Im new to river cattin,i fish lake erie ofton and have the lake down pat...but its so far,so i want to start fishin the rivers that are a bit closer to me,i tryed the muskingum,i fished just outside trinway a lil town north of dresden but had no luck...im just not sure if its the spot or my set up....sombody help me out


----------



## tcba1987 (Jun 22, 2004)

i fish the Tuscarawas River, 2-3 times a week for channel cats and flatheads..........what kind of help do you need ??? Baits or what ?? 
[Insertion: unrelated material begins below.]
(* Let $\alpha_1,\alpha_2,\alpha_3>0$ with $\alpha_1^{-2}=\alpha_2^{-2}+\alpha_3^{-2}$, let $a_1=-\alpha_2\alpha_3/\alpha_1$, $a_2=\alpha_3\alpha_1/\alpha_2$, $a_3=\alpha_1\alpha_2/\alpha_3$, let $\lambda>0$ with $\lambda^2=a_2^2-a_1a_3$, and let $b_1,\dots,b_5,c_1,\dots,c_5,d_1,\dots,d_6$ be real constants as in the context (eigenvector data). Let $B,B',C,C',D,D'\in\mathbb{C}$ be arbitrary. Define $w_j:\mathbb{R}\to\mathbb{C}$ by $2w_1=i\alpha_1e^{ia_1t}$, $2w_2=\alpha_2e^{ia_2t}$, $2w_3=\alpha_3e^{ia_3t}$; define $x=2\,\mathrm{Re}\big((Bb_1+Cc_1)e^{\frac i2\lambda t}\big)$, $p_1=ie^{ia_1t}\big(Bb_2e^{\frac i2\lambda t}+\bar Bb_4e^{-\frac i2\lambda t}+Dd_1e^{\frac{3i}2\lambda t}+\bar Dd_4e^{-\frac{3i}2\lambda t}\big)$, $p_2=e^{ia_2t}\big(Cc_2e^{\frac i2\lambda t}+\bar Cc_4e^{-\frac i2\lambda t}+Dd_2e^{\frac{3i}2\lambda t}+\bar Dd_5e^{-\frac{3i}2\lambda t}\big)$, $p_3=e^{ia_3t}\big((Bb_3+Cc_3)e^{\frac i2\lambda t}+(\bar Bb_5+\bar Cc_5)e^{-\frac i2\lambda t}+Dd_3e^{\frac{3i}2\lambda t}+\bar Dd_6e^{-\frac{3i}2\lambda t}\big)$, and define $y,q_1,q_2,q_3$ by the same formulas with $B,C,D$ replaced by $B',C',D'$ (so $y$ replaces $x$, $q_j$ replaces $p_j$). Let $z:\mathbb{R}\to\mathbb{R}$ and $r_1,r_2,r_3:\mathbb{R}\to\mathbb{C}$ be any functions with $\frac{dz}{dt}=\mathrm{Im}(\bar p_1q_1-\bar p_2q_2-\bar p_3q_3)$, $\frac{dr_1}{dt}=ixp_1+iyq_1+\overline{p_2p_3}+\overline{q_2q_3}$, $\frac{dr_2}{dt}=ixp_2-iyq_2-\overline{p_3p_1}+\overline{q_3q_1}$, $\frac{dr_3}{dt}=ixq_3+iyp_3-\overline{p_1q_2}-\overline{p_2q_1}$. Then the subset of $\mathbb{R}^7=\mathbb{R}\oplus\mathbb{C}^3$ $$M=\Big\{\big(y_1y(t)-y_2x(t)+z(t),\ \tfrac12(y_1^2+y_2^2)w_1(t)+y_1p_1(t)+y_2q_1(t)+r_1(t),\ \tfrac12(y_1^2-y_2^2)w_2(t)+y_1p_2(t)-y_2q_2(t)+r_2(t),\ y_1y_2w_3(t)+y_1q_3(t)+y_2p_3(t)+r_3(t)\big):y_1,y_2,t\in\mathbb{R}\Big\}$$ is an associative 3-fold in $\mathbb{R}^7$ wherever it is nonsingular.
   Context: Let $(x_1,\dots,x_7)$ be coordinates on $\mathbb{R}^7$ with Euclidean metric $g$, and write $dx_{ijk}=dx_i\wedge dx_j\wedge dx_k$. Define $\varphi=dx_{123}+dx_{145}+dx_{167}+dx_{246}-dx_{257}-dx_{347}-dx_{356}$. An oriented 3-dimensional (immersed) submanifold $N\subseteq\mathbb{R}^7$ is an associative 3-fold if $\varphi|_{T_xN}=\mathrm{vol}_{T_xN}$ for all $x\in N$. Identify $\mathbb{R}^7=\mathbb{R}\oplus\mathbb{C}^3$ via $(x_1,\dots,x_7)\mapsto(x_1,\,x_2+ix_3,\,x_4+ix_5,\,x_6+ix_7)$. Eigenvector data: with $T$ the real $7\times7$ matrix whose rows are $(0,-\frac{\alpha_1}{2},\frac{\alpha_2}{2},\frac{\alpha_3}{2},\frac{\alpha_1}{2},-\frac{\alpha_2}{2},-\frac{\alpha_3}{2})$, $(\alpha_1,-2a_1,0,0,0,-\alpha_3,-\alpha_2)$, $(\alpha_2,0,-2a_2,0,\alpha_3,0,\alpha_1)$, $(\alpha_3,0,0,-2a_3,\alpha_2,\alpha_1,0)$, $(-\alpha_1,0,\alpha_3,\alpha_2,2a_1,0,0)$, $(-\alpha_2,-\alpha_3,0,-\alpha_1,0,2a_2,0)$, $(-\alpha_3,-\alpha_2,-\alpha_1,0,0,0,2a_3)$, the real constants $b_j,c_j,d_j$ are such that $\mathbf{b}_\pm,\mathbf{c}_\pm,\mathbf{d}_\pm$ are nonzero and $T\mathbf{b}_\pm=\pm\lambda\mathbf{b}_\pm$, $T\mathbf{c}_\pm=\pm\lambda\mathbf{c}_\pm$, $T\mathbf{d}_\pm=\pm3\lambda\mathbf{d}_\pm$, where $\mathbf{b}_+=(b_1,b_2,0,b_3,b_4,0,b_5)^{\mathrm T}$, $\mathbf{b}_-=(b_1,b_4,0,b_5,b_2,0,b_3)^{\mathrm T}$, $\mathbf{c}_+=(c_1,0,c_2,c_3,0,c_4,c_5)^{\mathrm T}$, $\mathbf{c}_-=(c_1,0,c_4,c_5,0,c_2,c_3)^{\mathrm T}$, $\mathbf{d}_+=(0,d_1,\dots,d_6)^{\mathrm T}$, $\mathbf{d}_-=(0,d_4,d_5,d_6,d_1,d_2,d_3)^{\mathrm T}$. *)

theory Defs
  imports "HOL-Analysis.Analysis"
begin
NOONE gives out exact locations on these forums !!


----------



## C.O.CATFISH (Sep 10, 2009)

yeah i dont give out my spots either...but i do need some bait and tackle help...i tryed my lake rig when i went and used feeder goldfish for bait...but from what i see...im goin about it all wrong


----------



## Joey209 (Oct 17, 2007)

I guess you could use the feeder goldfish to catch your flathead bait


----------



## bonsai87 (Sep 17, 2007)

catch some small bluegill and use them live...that should help your chances with hooking up with a nice flathead


----------



## C.O.CATFISH (Sep 10, 2009)

thanks guys...


----------



## tcba1987 (Jun 22, 2004)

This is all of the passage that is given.